=== Section Start ===

(* Let $i\in J$. Let $\sigma_i$ be the permutation of $\{0,1,\dots,l\}$ such that $$t_iw_iw_0(v_0^\circ,v_1^\circ,\dots,v_l^\circ)=(v^\circ_{\sigma_i(0)},v^\circ_{\sigma_i(1)},\dots,v^\circ_{\sigma_i(l)}).$$ Then $\mathrm{sign}(\sigma_i)=(-1)^{l(w_iw_0)}$.
   Context: Setting: $G$ is the group of $K$-points of an adjoint quasi-simple group split over a non-archimedean local field $K$ (valuation $\omega$, $\omega(K^* )=\mathbb Z$), $T$ a maximal split torus, $\Phi$ its (reduced, irreducible) root system with basis $\alpha_1,\dots,\alpha_l$, $W$ the Weyl group, $V=X_*(T)\otimes\mathbb R$. $\tilde\alpha=\sum_i n_i\alpha_i$ is the highest root, $\varpi_1,\dots,\varpi_l$ the fundamental coweights, and $J=\{i: n_i=1\}$. The fundamental chamber $C_0=\{x\in V:\langle x,\alpha_j\rangle>0,\ \langle x,\tilde\alpha\rangle<1\}$ has vertices $v_0^\circ=0$ and $v_j^\circ=\varpi_j/n_j$ ($1\le j\le l$). $t_i\in T$ is an element with $\nu(t_i)=\varpi_i$, where $\nu:T\to X_*(T)$ satisfies $\langle\nu(t),\chi\rangle=-\omega(\chi(t))$; $t_i$ acts on $V$ (as affine space) by translation by $\varpi_i$ and $W$ acts linearly, so $t_iw_iw_0(x)=w_iw_0(x)+\varpi_i$. $w_0$ is the longest element of $W$ and $w_i$ the longest element of the Weyl group generated by the reflections $s_{\alpha_j}$, $j\ne i$; for $i\in J$ one has $t_iw_iw_0C_0=C_0$, so $t_iw_iw_0$ permutes the vertices of $C_0$. $l(\cdot)$ is the length in $W$ with respect to the simple reflections. *)

theory Defs
  imports "HOL-Analysis.Analysis" "HOL-Combinatorics.Permutations"
begin

text \<open>Roots are realised as vectors in a Euclidean space V (the dual of V is identified
with V via the inner product); the pairing of x in V with a root a is x \<bullet> a.\<close>

definition rrefl :: "'a::euclidean_space \<Rightarrow> 'a \<Rightarrow> 'a" where
  "rrefl a x = x - (2 * (x \<bullet> a) / (a \<bullet> a)) *\<^sub>R a"

definition root_system :: "'a::euclidean_space set \<Rightarrow> bool" where
  "root_system \<Phi> \<longleftrightarrow> finite \<Phi> \<and> 0 \<notin> \<Phi> \<and> span \<Phi> = UNIV \<and>
     (\<forall>a\<in>\<Phi>. \<forall>b\<in>\<Phi>. rrefl a b \<in> \<Phi> \<and> 2 * (b \<bullet> a) / (a \<bullet> a) \<in> \<int>)"

definition reduced_rs :: "'a::euclidean_space set \<Rightarrow> bool" where
  "reduced_rs \<Phi> \<longleftrightarrow> (\<forall>a\<in>\<Phi>. \<forall>c::real. c *\<^sub>R a \<in> \<Phi> \<longrightarrow> c = 1 \<or> c = -1)"

definition irreducible_rs :: "'a::euclidean_space set \<Rightarrow> bool" where
  "irreducible_rs \<Phi> \<longleftrightarrow> \<not> (\<exists>A B. A \<noteq> {} \<and> B \<noteq> {} \<and> A \<union> B = \<Phi> \<and> A \<inter> B = {} \<and>
       (\<forall>a\<in>A. \<forall>b\<in>B. a \<bullet> b = 0))"

definition rs_basis :: "'a::euclidean_space set \<Rightarrow> (nat \<Rightarrow> 'a) \<Rightarrow> nat \<Rightarrow> bool" where
  "rs_basis \<Phi> \<alpha> l \<longleftrightarrow> inj_on \<alpha> {1..l} \<and> \<alpha> ` {1..l} \<subseteq> \<Phi> \<and> independent (\<alpha> ` {1..l}) \<and>
     (\<forall>b\<in>\<Phi>. \<exists>c::nat \<Rightarrow> int. b = (\<Sum>j=1..l. real_of_int (c j) *\<^sub>R \<alpha> j) \<and>
        ((\<forall>j\<in>{1..l}. c j \<ge> 0) \<or> (\<forall>j\<in>{1..l}. c j \<le> 0)))"

definition highest_root :: "'a::euclidean_space set \<Rightarrow> (nat \<Rightarrow> 'a) \<Rightarrow> nat \<Rightarrow> 'a \<Rightarrow> bool" where
  "highest_root \<Phi> \<alpha> l h \<longleftrightarrow> h \<in> \<Phi> \<and>
     (\<forall>b\<in>\<Phi>. \<exists>c::nat \<Rightarrow> nat. h - b = (\<Sum>j=1..l. real (c j) *\<^sub>R \<alpha> j))"

definition refl_word :: "(nat \<Rightarrow> 'a::euclidean_space) \<Rightarrow> nat list \<Rightarrow> 'a \<Rightarrow> 'a" where
  "refl_word \<alpha> ws = foldr (\<lambda>j f. rrefl (\<alpha> j) \<circ> f) ws id"

definition parabolic :: "(nat \<Rightarrow> 'a::euclidean_space) \<Rightarrow> nat set \<Rightarrow> ('a \<Rightarrow> 'a) set" where
  "parabolic \<alpha> I = {refl_word \<alpha> ws | ws. set ws \<subseteq> I}"

definition word_length :: "(nat \<Rightarrow> 'a::euclidean_space) \<Rightarrow> nat set \<Rightarrow> ('a \<Rightarrow> 'a) \<Rightarrow> nat" where
  "word_length \<alpha> I w = (LEAST k. \<exists>ws. length ws = k \<and> set ws \<subseteq> I \<and> refl_word \<alpha> ws = w)"

inductive_set weyl_group :: "'a::euclidean_space set \<Rightarrow> ('a \<Rightarrow> 'a) set" for \<Phi> where
  weyl_id: "id \<in> weyl_group \<Phi>"
| weyl_step: "w \<in> weyl_group \<Phi> \<Longrightarrow> a \<in> \<Phi> \<Longrightarrow> rrefl a \<circ> w \<in> weyl_group \<Phi>"

definition longest_in :: "('a \<Rightarrow> nat) \<Rightarrow> 'a set \<Rightarrow> 'a \<Rightarrow> bool" where
  "longest_in len S w \<longleftrightarrow> w \<in> S \<and> (\<forall>u\<in>S. len u \<le> len w)"

end

theory Submission
  imports Defs "Jordan_Normal_Form.Determinant"
begin

no_notation scalar_prod (infix \<open>\<bullet>\<close> 70) and vec_nth (infixl \<open>$\<close> 90)

text \<open>The vertices \<open>v\<^sub>0, \<dots>, v\<^sub>l\<close> of the chamber are affinely independent, so their
homogeneous coordinates form an invertible matrix \<open>B\<close>. The affine map \<open>x \<mapsto> W x + t\<close> with
\<open>W = w\<^sub>i w\<^sub>0\<close> permutes them by \<open>\<sigma>\<^sub>i\<close>; in homogeneous coordinates this reads \<open>B G = P\<^sub>\<sigma> B\<close>,
where \<open>G\<close> is block triangular with diagonal blocks \<open>1\<close> and the matrix of \<open>W\<close>. Taking determinants,
\<open>sign \<sigma>\<^sub>i = det W\<close>. Finally every element of the Weyl group is a word in simple reflections,
and each reflection has determinant \<open>-1\<close>, so \<open>det W = (-1)\<^bsup>l(W)\<^esup>\<close>.\<close>

lemma det_one_minus_rank_one:
  fixes u w :: "nat \<Rightarrow> real"
  shows "det (1\<^sub>m n - mat n n (\<lambda>(r,c). u r * w c)) = 1 - (\<Sum>k<n. w k * u k)"
proof -
  define U where "U = mat n 1 (\<lambda>(r,_). u r)"
  define Wr where "Wr = mat 1 n (\<lambda>(_,c). w c)"
  define P where "P = mat n n (\<lambda>(r,c). u r * w c)"
  define s where "s = (\<Sum>k<n. w k * u k)"
  define X where "X = four_block_mat (1\<^sub>m 1) Wr U (1\<^sub>m n)"
  define L where "L = four_block_mat (1\<^sub>m 1) (0\<^sub>m 1 n) U (1\<^sub>m n)"
  define R where "R = four_block_mat (1\<^sub>m 1) Wr (0\<^sub>m n 1) (1\<^sub>m n - P)"
  define L' where "L' = four_block_mat (mat 1 1 (\<lambda>_. 1 - s)) Wr (0\<^sub>m n 1) (1\<^sub>m n)"
  have cU: "U \<in> carrier_mat n 1" and cW: "Wr \<in> carrier_mat 1 n" and cP: "P \<in> carrier_mat n n"
    by (auto simp: U_def Wr_def P_def)
  \<comment> \<open>\<open>X\<close> factors in two ways, \<open>L R\<close> and \<open>L' L\<close>, which gives \<open>det (1 - P) = 1 - s\<close>.\<close>
  have "L * R = four_block_mat (1\<^sub>m 1 * 1\<^sub>m 1 + 0\<^sub>m 1 n * 0\<^sub>m n 1) (1\<^sub>m 1 * Wr + 0\<^sub>m 1 n * (1\<^sub>m n - P))
     (U * 1\<^sub>m 1 + 1\<^sub>m n * 0\<^sub>m n 1) (U * Wr + 1\<^sub>m n * (1\<^sub>m n - P))"
    unfolding L_def R_def using cU cW cP by (intro mult_four_block_mat) auto
  also have "\<dots> = X" unfolding X_def
  proof (rule cong_four_block_mat)
    show "1\<^sub>m 1 * 1\<^sub>m 1 + 0\<^sub>m 1 n * 0\<^sub>m n 1 = (1\<^sub>m 1 :: real mat)"
      by (rule eq_matI) (auto simp: scalar_prod_def)
    show "1\<^sub>m 1 * Wr + 0\<^sub>m 1 n * (1\<^sub>m n - P) = Wr"
      using cW cP by (intro eq_matI) (auto simp: scalar_prod_def)
    show "U * 1\<^sub>m 1 + 1\<^sub>m n * 0\<^sub>m n 1 = U"
      using cU by (intro eq_matI) (auto simp: scalar_prod_def)
    show "U * Wr + 1\<^sub>m n * (1\<^sub>m n - P) = 1\<^sub>m n"
      using cU cW cP by (intro eq_matI) (auto simp: scalar_prod_def U_def Wr_def P_def)
  qed
  finally have LR: "L * R = X" .
  have "L' * L = four_block_mat (mat 1 1 (\<lambda>_. 1 - s) * 1\<^sub>m 1 + Wr * U) (mat 1 1 (\<lambda>_. 1 - s) * 0\<^sub>m 1 n + Wr * 1\<^sub>m n)
     (0\<^sub>m n 1 * 1\<^sub>m 1 + 1\<^sub>m n * U) (0\<^sub>m n 1 * 0\<^sub>m 1 n + 1\<^sub>m n * 1\<^sub>m n)"
    unfolding L'_def L_def using cU cW by (intro mult_four_block_mat) auto
  also have "\<dots> = X" unfolding X_def
  proof (rule cong_four_block_mat)
    show "mat 1 1 (\<lambda>_. 1 - s) * 1\<^sub>m 1 + Wr * U = 1\<^sub>m 1"
      using cU cW by (intro eq_matI) (auto simp: scalar_prod_def U_def Wr_def s_def atLeast0LessThan)
    show "mat 1 1 (\<lambda>_. 1 - s) * 0\<^sub>m 1 n + Wr * 1\<^sub>m n = Wr"
      using cW by (intro eq_matI) (auto simp: scalar_prod_def)
    show "0\<^sub>m n 1 * 1\<^sub>m 1 + 1\<^sub>m n * U = U"
      using cU by (intro eq_matI) (auto simp: scalar_prod_def)
    show "0\<^sub>m n 1 * 0\<^sub>m 1 n + 1\<^sub>m n * 1\<^sub>m n = (1\<^sub>m n :: real mat)"
      by (intro eq_matI) (auto simp: scalar_prod_def)
  qed
  finally have L'L: "L' * L = X" .
  have cL: "L \<in> carrier_mat (1+n) (1+n)" and cR: "R \<in> carrier_mat (1+n) (1+n)"
    and cL': "L' \<in> carrier_mat (1+n) (1+n)"
    using cU cW cP by (auto simp: L_def R_def L'_def)
  have dL: "det L = 1" unfolding L_def
    using det_four_block_mat_upper_right_zero[of "1\<^sub>m 1" 1 "0\<^sub>m 1 n" n U "1\<^sub>m n"] cU by simp
  have dR: "det R = det (1\<^sub>m n - P)" unfolding R_def
    using det_four_block_mat_lower_left_zero[of "1\<^sub>m 1" 1 Wr n "0\<^sub>m n 1" "1\<^sub>m n - P"] cW cP
    by (simp add: minus_carrier_mat)
  have dL': "det L' = 1 - s" unfolding L'_def
    using det_four_block_mat_lower_left_zero[of "mat 1 1 (\<lambda>_. 1 - s)" 1 Wr n "0\<^sub>m n 1" "1\<^sub>m n"] cW
    by (simp add: det_single)
  have "det X = det (1\<^sub>m n - P)" using det_mult[OF cL cR] LR dL dR by simp
  moreover have "det X = 1 - s" using det_mult[OF cL' cL] L'L dL' dL by simp
  ultimately show ?thesis by (simp add: P_def s_def)
qed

=== Section End ===

== TO DO ==
Restate verbatim the first line above and all lines after it through the line containing "text \<open>Roots are"; omit the rest.

== FINISHED TASK ==
(* Let $i\in J$. Let $\sigma_i$ be the permutation of $\{0,1,\dots,l\}$ such that $$t_iw_iw_0(v_0^\circ,v_1^\circ,\dots,v_l^\circ)=(v^\circ_{\sigma_i(0)},v^\circ_{\sigma_i(1)},\dots,v^\circ_{\sigma_i(l)}).$$ Then $\mathrm{sign}(\sigma_i)=(-1)^{l(w_iw_0)}$.
   Context: Setting: $G$ is the group of $K$-points of an adjoint quasi-simple group split over a non-archimedean local field $K$ (valuation $\omega$, $\omega(K^* )=\mathbb Z$), $T$ a maximal split torus, $\Phi$ its (reduced, irreducible) root system with basis $\alpha_1,\dots,\alpha_l$, $W$ the Weyl group, $V=X_*(T)\otimes\mathbb R$. $\tilde\alpha=\sum_i n_i\alpha_i$ is the highest root, $\varpi_1,\dots,\varpi_l$ the fundamental coweights, and $J=\{i: n_i=1\}$. The fundamental chamber $C_0=\{x\in V:\langle x,\alpha_j\rangle>0,\ \langle x,\tilde\alpha\rangle<1\}$ has vertices $v_0^\circ=0$ and $v_j^\circ=\varpi_j/n_j$ ($1\le j\le l$). $t_i\in T$ is an element with $\nu(t_i)=\varpi_i$, where $\nu:T\to X_*(T)$ satisfies $\langle\nu(t),\chi\rangle=-\omega(\chi(t))$; $t_i$ acts on $V$ (as affine space) by translation by $\varpi_i$ and $W$ acts linearly, so $t_iw_iw_0(x)=w_iw_0(x)+\varpi_i$. $w_0$ is the longest element of $W$ and $w_i$ the longest element of the Weyl group generated by the reflections $s_{\alpha_j}$, $j\ne i$; for $i\in J$ one has $t_iw_iw_0C_0=C_0$, so $t_iw_iw_0$ permutes the vertices of $C_0$. $l(\cdot)$ is the length in $W$ with respect to the simple reflections. *)

theory Defs
  imports "HOL-Analysis.Analysis" "HOL-Combinatorics.Permutations"
begin

text \<open>Roots are realised as vectors in a Euclidean space V (the dual of V is identified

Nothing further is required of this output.